Polycarbonate is a thermoplastic that is most prominently known for its incredible strength and impact resistance. The basis of bulletproof glass, polycarbonate is lightweight and exhibits a translucency that is superior to other Fused Filament Fabrication (FFF) 3D printing materials. Polycarbonate also boasts heat resistance, is flame-retardant, and insulates electricity, making it essential to use in electrical components and hardware.
Polycarbonate is extremely durable and highly effective for a wide range of professional-level applications:
When it comes to strength, polycarbonate truly is the “king” of 3D printer filament, dramatically out-performing other materials in strength tests. In an informal material strength test, Airwolf 3D printed a series of hooks using a variety of 3D printing materials: ABS, PLA, Nylon 910, and polycarbonate. Each material was then tested by loading the hook with weight until it fractured. Polycarbonate won by a landslide.
PLA has a tensile strength of 7,250 psi and was able to lift 285 pounds. In comparison, ABS has a tensile strength of 4,700 psi and snapped instantly under 285 pounds of weight. Polycarbonate, on the other hand, has a tensile strength of 9,800 psi and lifted a whopping 685 pounds — far more than any of the other materials that were tested.
Historically, there has been a great deal of hesitance when it comes to making fully functional, end-use parts out of 3D-printed materials. For example, most parts made from commonly used 3D printing materials simply are not strong enough for safety-critical automotive components. The advent of 3D printing in polycarbonate, however, has initiated a paradigm shift.
With the incredible strength of polycarbonate as described above, along with significant developments in 3D printing technology, such as a better understanding and employment of thermal management and innovations in bed adhesion, users are now empowered to create extremely strong functional parts for end-use applications.
The ability to 3D print polycarbonate also has revolutionized the rapid prototyping process as prototypes for polycarbonate parts can now be created in the same material as the end-use part. Even if a production part’s final iteration will be injection-molded, 3D printing in polycarbonate allows quick design changes, a more efficient method of testing,and an easier, money-saving way to create a new prototype virtually immediately.
With all of the material’s superior qualities, why doesn’t everyone print everything in polycarbonate?

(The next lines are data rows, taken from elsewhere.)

(* Let $k,s$ be positive integers, $\mathbf a=(a_1,\dots,a_s)$ nonzero integers and $p$ a prime with $p\nmid \gcd(a_{1},\dots,a_{s})$. Then for all $l\ge \xi(p)$, \[\chi_{p}=\sum_{m=0}^{l}T_{\mathbf a}\left(p^{m}\right)=\sum_{m=0}^{\xi(p)}T_{\mathbf a}\left(p^{m}\right)=p^{\xi(p)}\varphi\left(p^{\xi(p)}\right)^{-s}M_{\mathbf a}\left(p^{\xi(p)}\right),\] and in particular, if $a_1x_1^k+\dots+a_sx_s^k\equiv 0\pmod{p^{\xi(p)}}$ has a solution with all $x_j\in(\mathbb Z/p^{\xi(p)}\mathbb Z)^{\times}$, then $a_1x_1^k+\dots+a_sx_s^k=0$ has a solution with all $x_j\in \mathbb Z_{p}^{\times}$ and $\chi_{p}\ge p^{-(s-1)\xi(p)}>0$.
   Context: $p^{\nu(p)}\Vert k$ defines $\nu(p)$; $\xi(p)=\nu(p)+2$ if $p=2$, $\xi(p)=\nu(p)+1$ otherwise. $e_q(x)=e^{2\pi ix/q}$, $\varphi$ is Euler's function, $W(q,r)=\sum_{1\le h\le q,\ (h,q)=1}e_q(rh^k)$, $T_{\mathbf a}(q)=\varphi(q)^{-s}\sum_{1\le r\le q,\ (r,q)=1}\prod_jW(q,a_jr)$. $M_{\mathbf a}(p^n)$ is the number of $(x_1,\dots,x_s)\in((\mathbb Z/p^n\mathbb Z)^\times)^s$ with $\sum_ja_jx_j^k\equiv0\pmod{p^n}$, and $\chi_p=\lim_{n\to\infty}p^n\varphi(p^n)^{-s}M_{\mathbf a}(p^n)$. $\mathbb Z_p^\times=\{x\in\mathbb Q_p:|x|_p=1\}$. *)

theory Defs
  imports "HOL-Analysis.Analysis" "HOL-Number_Theory.Number_Theory"
begin

definition nu :: "nat \<Rightarrow> nat \<Rightarrow> nat" where
  "nu k p = multiplicity p k"

definition xi :: "nat \<Rightarrow> nat \<Rightarrow> nat" where
  "xi k p = (if p = 2 then nu k p + 2 else nu k p + 1)"

definition e :: "nat \<Rightarrow> int \<Rightarrow> complex" where
  "e q x = exp (2 * of_real pi * \<i> * of_int x / of_nat q)"

definition W :: "nat \<Rightarrow> nat \<Rightarrow> int \<Rightarrow> complex" where
  "W k q r = (\<Sum>h\<in>{h\<in>{1..q}. coprime h q}. e q (r * int h ^ k))"

definition T :: "nat \<Rightarrow> nat \<Rightarrow> (nat \<Rightarrow> int) \<Rightarrow> nat \<Rightarrow> complex" where
  "T k s a q = (\<Sum>r\<in>{r\<in>{1..q}. coprime r q}. (\<Prod>j\<in>{1..s}. W k q (a j * int r)))
                / of_nat (totient q) ^ s"

definition M :: "nat \<Rightarrow> nat \<Rightarrow> (nat \<Rightarrow> int) \<Rightarrow> nat \<Rightarrow> nat" where
  "M k s a q = card {x \<in> PiE {1..s} (\<lambda>_. {y\<in>{0..<q}. coprime y q}).
                      int q dvd (\<Sum>j\<in>{1..s}. a j * int (x j) ^ k)}"

definition chi :: "nat \<Rightarrow> nat \<Rightarrow> (nat \<Rightarrow> int) \<Rightarrow> nat \<Rightarrow> real" where
  "chi k s a p = lim (\<lambda>n. real p ^ n * real (M k s a (p ^ n)) / real (totient (p ^ n)) ^ s)"

text \<open>A solution in (Z_p^*)^s of sum a_j x_j^k = 0, each p-adic integer x_j being represented
  by a p-adically Cauchy sequence of integers x j n (x j (n+1) = x j n mod p^n), i.e. an element
  of the inverse limit of Z/p^n Z; units means the approximations are prime to p.\<close>
definition padic_unit_solution :: "nat \<Rightarrow> nat \<Rightarrow> (nat \<Rightarrow> int) \<Rightarrow> nat \<Rightarrow> bool" where
  "padic_unit_solution k s a p \<longleftrightarrow>
     (\<exists>x :: nat \<Rightarrow> nat \<Rightarrow> int.
        (\<forall>j\<in>{1..s}. \<forall>n. [x j (Suc n) = x j n] (mod int p ^ n)) \<and>
        (\<forall>j\<in>{1..s}. \<forall>n. coprime (x j n) (int p)) \<and>
        (\<forall>n. [(\<Sum>j\<in>{1..s}. a j * x j n ^ k) = 0] (mod int p ^ n)))"

end

theory Submission
  imports Defs
begin

text \<open>Orthogonality of the additive characters modulo \<open>p^l\<close>, with the summation variable split
  according to its \<open>p\<close>-adic valuation, gives \<open>p^l M(p^l) / phi(p^l)^s = T(1) + ... + T(p^l)\<close>.
  Write \<open>k = k' p^v\<close> with \<open>p\<close> not dividing \<open>k'\<close>; then \<open>(1 + p^j t)^k\<close> is congruent to
  \<open>1 + k' p^(j+v) t\<close> modulo \<open>p^(j+v+1)\<close> for \<open>j \<ge> 1\<close> (\<open>j \<ge> 2\<close> if \<open>p = 2\<close>). For \<open>m > xi(p)\<close> and \<open>p\<close> not dividing \<open>b\<close>, the
  substitution \<open>h \<mapsto> h (1 + p^(m-v-1) t)\<close> multiplies each term of \<open>W(p^m, b)\<close> by a nontrivial
  character of \<open>t\<close> modulo \<open>p\<close>, so averaging over \<open>t\<close> shows \<open>W(p^m, b) = 0\<close>; as some \<open>a_j\<close> is
  prime to \<open>p\<close>, also \<open>T(p^m) = 0\<close>. So the densities \<open>p^l M(p^l) / phi(p^l)^s\<close> are constant from
  \<open>l = xi(p)\<close> on, which identifies \<open>chi_p\<close> and bounds it below by \<open>p^xi / p^(xi s)\<close> once
  \<open>M(p^xi) \<ge> 1\<close>. The same power congruence drives a Hensel lifting of a unit solution modulo
  \<open>p^xi\<close> to a coherent sequence of unit solutions modulo every \<open>p^n\<close>.\<close>

lemma prime_coprime_right_iff:
  fixes p :: "'a :: semiring_gcd"
  assumes "prime p"
  shows "coprime a p \<longleftrightarrow> \<not> p dvd a"
  using prime_imp_coprime[OF assms, of a] coprime_common_divisor[of a p p] not_prime_unit[of p] assms
  by (auto simp: coprime_commute)

lemma sum_fun_upd_eq:
  fixes f :: "'a \<Rightarrow> 'b \<Rightarrow> 'c :: ab_group_add"
  assumes "finite I" and "i \<in> I"
  shows "(\<Sum>j\<in>I. f j ((y(i := z)) j)) = (\<Sum>j\<in>I. f j (y j)) + (f i z - f i (y i))"
proof -
  have "(\<Sum>j\<in>I - {i}. f j ((y(i := z)) j)) = (\<Sum>j\<in>I - {i}. f j (y j))" by (intro sum.cong) auto
  then show ?thesis
    using sum.remove[OF assms, of "\<lambda>j. f j ((y(i := z)) j)"] sum.remove[OF assms, of "\<lambda>j. f j (y j)"]
    by (simp add: algebra_simps)
qed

To put it simply, polycarbonate is not an easy material with which to work. Successfully printing the material starts with high-quality polycarbonate filament and requires both a high-performance desktop 3D printer capable of printing and managing high-temperature materials and an effective method of bed adhesion to prevent warpage.
As with any other material, it is critical that you choose a high-quality filament when printing with polycarbonate. While a spool of filament might look flawless on the outside and carry a budget-friendly price tag, beware of cheap materials. Manufacturers of low-quality filament are able to keep their prices down by producing their filament with additives and fillers, the addition of which negatively affects the 3D printing experience and the quality of the final part. Inferior product is also less expensive because it often has air pockets or debris embedded in it — a problem that could clog or jam nozzles and ruin a print.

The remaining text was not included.